Speaker
Description
In the traditional HEP analysis paradigm, code, documentation, and results are separate entities that require significant effort to keep synchronized, which hinders reproducibility. Jupyter notebooks allow these elements to be combined into a single, repeatable narrative. HEP analyses, however, commonly rely on complex software stacks and the use of distributed computing resources, requirements that have been barriers to notebook adoption. In this presentation we describe how Jupyter can be combined with Parsl (Parallel Scripting Library) and containers to enable intuitive and interactive high performance computing in Python.

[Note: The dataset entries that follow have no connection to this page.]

(* Let $(\mathbf k((G)),l)$ be a series field with prelogarithmic section, $\psi$ a morphism from $(\mathbf k((G)),l)$ to itself and $H$ a subgroup of $G$ such that $(\mathrm{Comp}_H)$: $\psi(h)=l(h)$ for every $h\in H$ with $l(h)\in G$. Then for every $h\in H$ with $l(h)\in G$ and every $k\in\mathbf k$: (1) $\psi^{EL}(\mathrm{Exp}(k\cdot h))=\mathrm{Exp}(k\cdot\mathrm{Log}(h))$; (2) if $\psi^{EL}$ is surjective, then $(\psi^{EL})^{-1}(\mathrm{Exp}(k\cdot\mathrm{Log}(h)))\in H\cdot\mathrm{Exp}\,\mathbf k((H^{>1}))$.
   Context: Let $\mathbf k$ be an ordered field with an order-preserving group isomorphism $\log:(\mathbf k^{>0},\cdot)\to(\mathbf k,+)$, and $(G,\cdot,<)$ a totally ordered abelian group (written multiplicatively). $\mathbf k((G))$ denotes the field of generalized power series $\alpha=\sum_{g\in G}\alpha(g)\,g$ ($\alpha(g)\in\mathbf k$) with anti-well-ordered support, usual operations, canonical valuation $v(\alpha)=\max\operatorname{supp}\alpha$ and ordering $\alpha>0$ iff $\alpha(v(\alpha))>0$; $\mathbf k$, $G$ are identified with subsets of $\mathbf k((G))$ (so "$l(h)\in G$" means $l(h)$ is a monomial with coefficient $1$). For $S\subseteq G$, $\mathbf k((S))=\{\alpha:\operatorname{supp}\alpha\subseteq S\}$; $H^{>1}=\{h\in H:h>1\}$. A prelogarithmic section is an order-preserving group embedding $l:(G,\cdot)\to(\mathbf k((G^{>1})),+)$. Exponential extension: $G^\#$ is the ordered abelian group of formal symbols $e(\alpha)$, $\alpha\in\mathbf k((G^{>1}))$, with $e(\alpha)e(\beta)=e(\alpha+\beta)$, $e(\alpha)<e(\beta)\iff\alpha<\beta$, and $e(l(g))$ identified with $g\in G$; $l^\#(e(\alpha))=\alpha$ is a prelogarithmic section of $\mathbf k((G^\#))$ extending $l$. Iterating gives $G^{\#n}$, $l^{\#n}$; the EL-series field $\mathbf k((G))^{EL}=\bigcup_n\mathbf k((G^{\#n}))$ carries the logarithm $\mathrm{Log}$ (union of the associated prelogarithms $L(g\,a(1+\varepsilon))=l(g)+\log a+\sum_{i\ge1}(-1)^{i-1}\varepsilon^i/i$), a bijection from positive elements onto the field, and $\mathrm{Exp}=\mathrm{Log}^{-1}$. An order-preserving group embedding $\psi:G\to G$, extended to $\mathbf k((G))$ by $\psi(\sum a_gg)=\sum a_g\psi(g)$, is a morphism of $(\mathbf k((G)),l)$ to itself if $\psi\circ l=l\circ\psi$ on $G$; it induces $\psi^\#=(l^\#)^{-1}\circ\psi\circ l^\#$ on $G^\#$, iterates $\psi^{\#n}$, and $\psi^{EL}=\bigcup_n\psi^{\#n}$. *)

theory Defs
  imports Main
begin
(* Let $V$ be a finite-dimensional real vector space and $X\subseteq V$ a finite or countable set in which every $2$-dimensional linear subset has fundamental vectors, equipped with a suitable ordering. Then the subsets of $X$ that are biclosed in $X$ form a complete lattice under containment. More specifically, for any collection $\mathcal{X}$ of biclosed subsets of $X$, \[\bigvee_{Y\in\mathcal{X}}Y=\overline{\bigcup_{Y\in\mathcal{X}}Y},\qquad \bigwedge_{Y\in\mathcal{X}}Y=\Big(\bigcap_{Y\in\mathcal{X}}Y\Big)^{\circ}.\]
   Context: $\mathrm{Span}_+$ denotes nonnegative linear combinations. For $Y\subseteq X$, $B\subseteq Y$: closed in $Y$ if $\alpha,\beta\in B$, $\gamma\in\mathrm{Span}_+(\alpha,\beta)\cap Y$ imply $\gamma\in B$; coclosed if $Y\setminus B$ closed; biclosed if both; weakly separable if $\mathrm{Span}_+(B)\cap\mathrm{Span}_+(Y\setminus B)=\{0\}$; $Y$ is clean if every biclosed subset of $Y$ is weakly separable in $Y$. $\overline{A}$ denotes the closure of $A$ in $X$ (smallest closed subset of $X$ containing $A$) and $A^\circ=X\setminus\overline{X\setminus A}$ the interior (largest coclosed subset of $X$ contained in $A$). A linear subset is $X\cap L$ for a subspace $L$. A $2$-dimensional linear subset $Y$ has fundamental vectors $\alpha,\beta\in Y$ if $Y\subseteq\mathrm{Span}_+\{\alpha,\beta\}$ and neither $\alpha$ nor $\beta$ lies in the nonnegative span of the other elements of $Y$. $F\subseteq X$ is full if $F\cap\mathrm{Span}\{\alpha,\beta\}=X\cap\mathrm{Span}\{\alpha,\beta\}$ for all $\alpha,\beta\in F$. An ordering $\gamma_1,\gamma_2,\ldots$ of $X$ with initial segments $X_i=\{\gamma_1,\dots,\gamma_i\}$ is suitable if (1) in every $2$-dimensional linear subset the fundamental vectors precede all its other vectors, and (2) for every $i$ and $\alpha,\beta,\gamma\in X_i$ there is a full $F\subseteq X$ containing them with $F\cap X_i$ clean. *)

theory Defs
  imports "HOL-Analysis.Analysis"
begin

text \<open>Nonnegative linear combinations (finite sums with nonnegative coefficients).
  The empty sum gives 0, so pos_span {} = {0}.\<close>
definition pos_span :: "'v::real_vector set \<Rightarrow> 'v set" where
  "pos_span S = {(\<Sum>v\<in>F. c v *\<^sub>R v) | F c. finite F \<and> F \<subseteq> S \<and> (\<forall>v\<in>F. 0 \<le> c v)}"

Parsl is a pure Python library for orchestrating the concurrent execution of multiple tasks. Parsl is remarkable for its simplicity. Its primary construct is an “app” decorator, which the programmer uses to indicate that certain functions (either pure Python or wrappers around shell programs) are to be treated as “apps.” App function calls then result in the creation of a new “task” that runs concurrently with the main program and other tasks, subject to dataflow constraints defined by the availability of app function input data. Data dependencies can be in-memory objects, or external files. App decorators can further specify which computation resources to use and the required software environment to run the decorated function. Parsl abstracts hardware details, allowing a single script to be executed efficiently on one or more laptops, clusters, clouds, and/or supercomputers. To manage complex execution environments on various resources and also to improve reproducibility, Parsl can use containers— lightweight, virtualized constructs for packaging software with its environment— to wrap tasks.
In this presentation we 1) show how a real-world complete HEP analysis workflow can be developed with Parsl and 2) demonstrate efficient and reproducible execution of such workflows on heterogeneous resources, including leadership-class computing facilities, using containers to wrap analysis code, Parsl to orchestrate the execution of these containers, and Jupyter as the interface for writing and executing the Parsl script.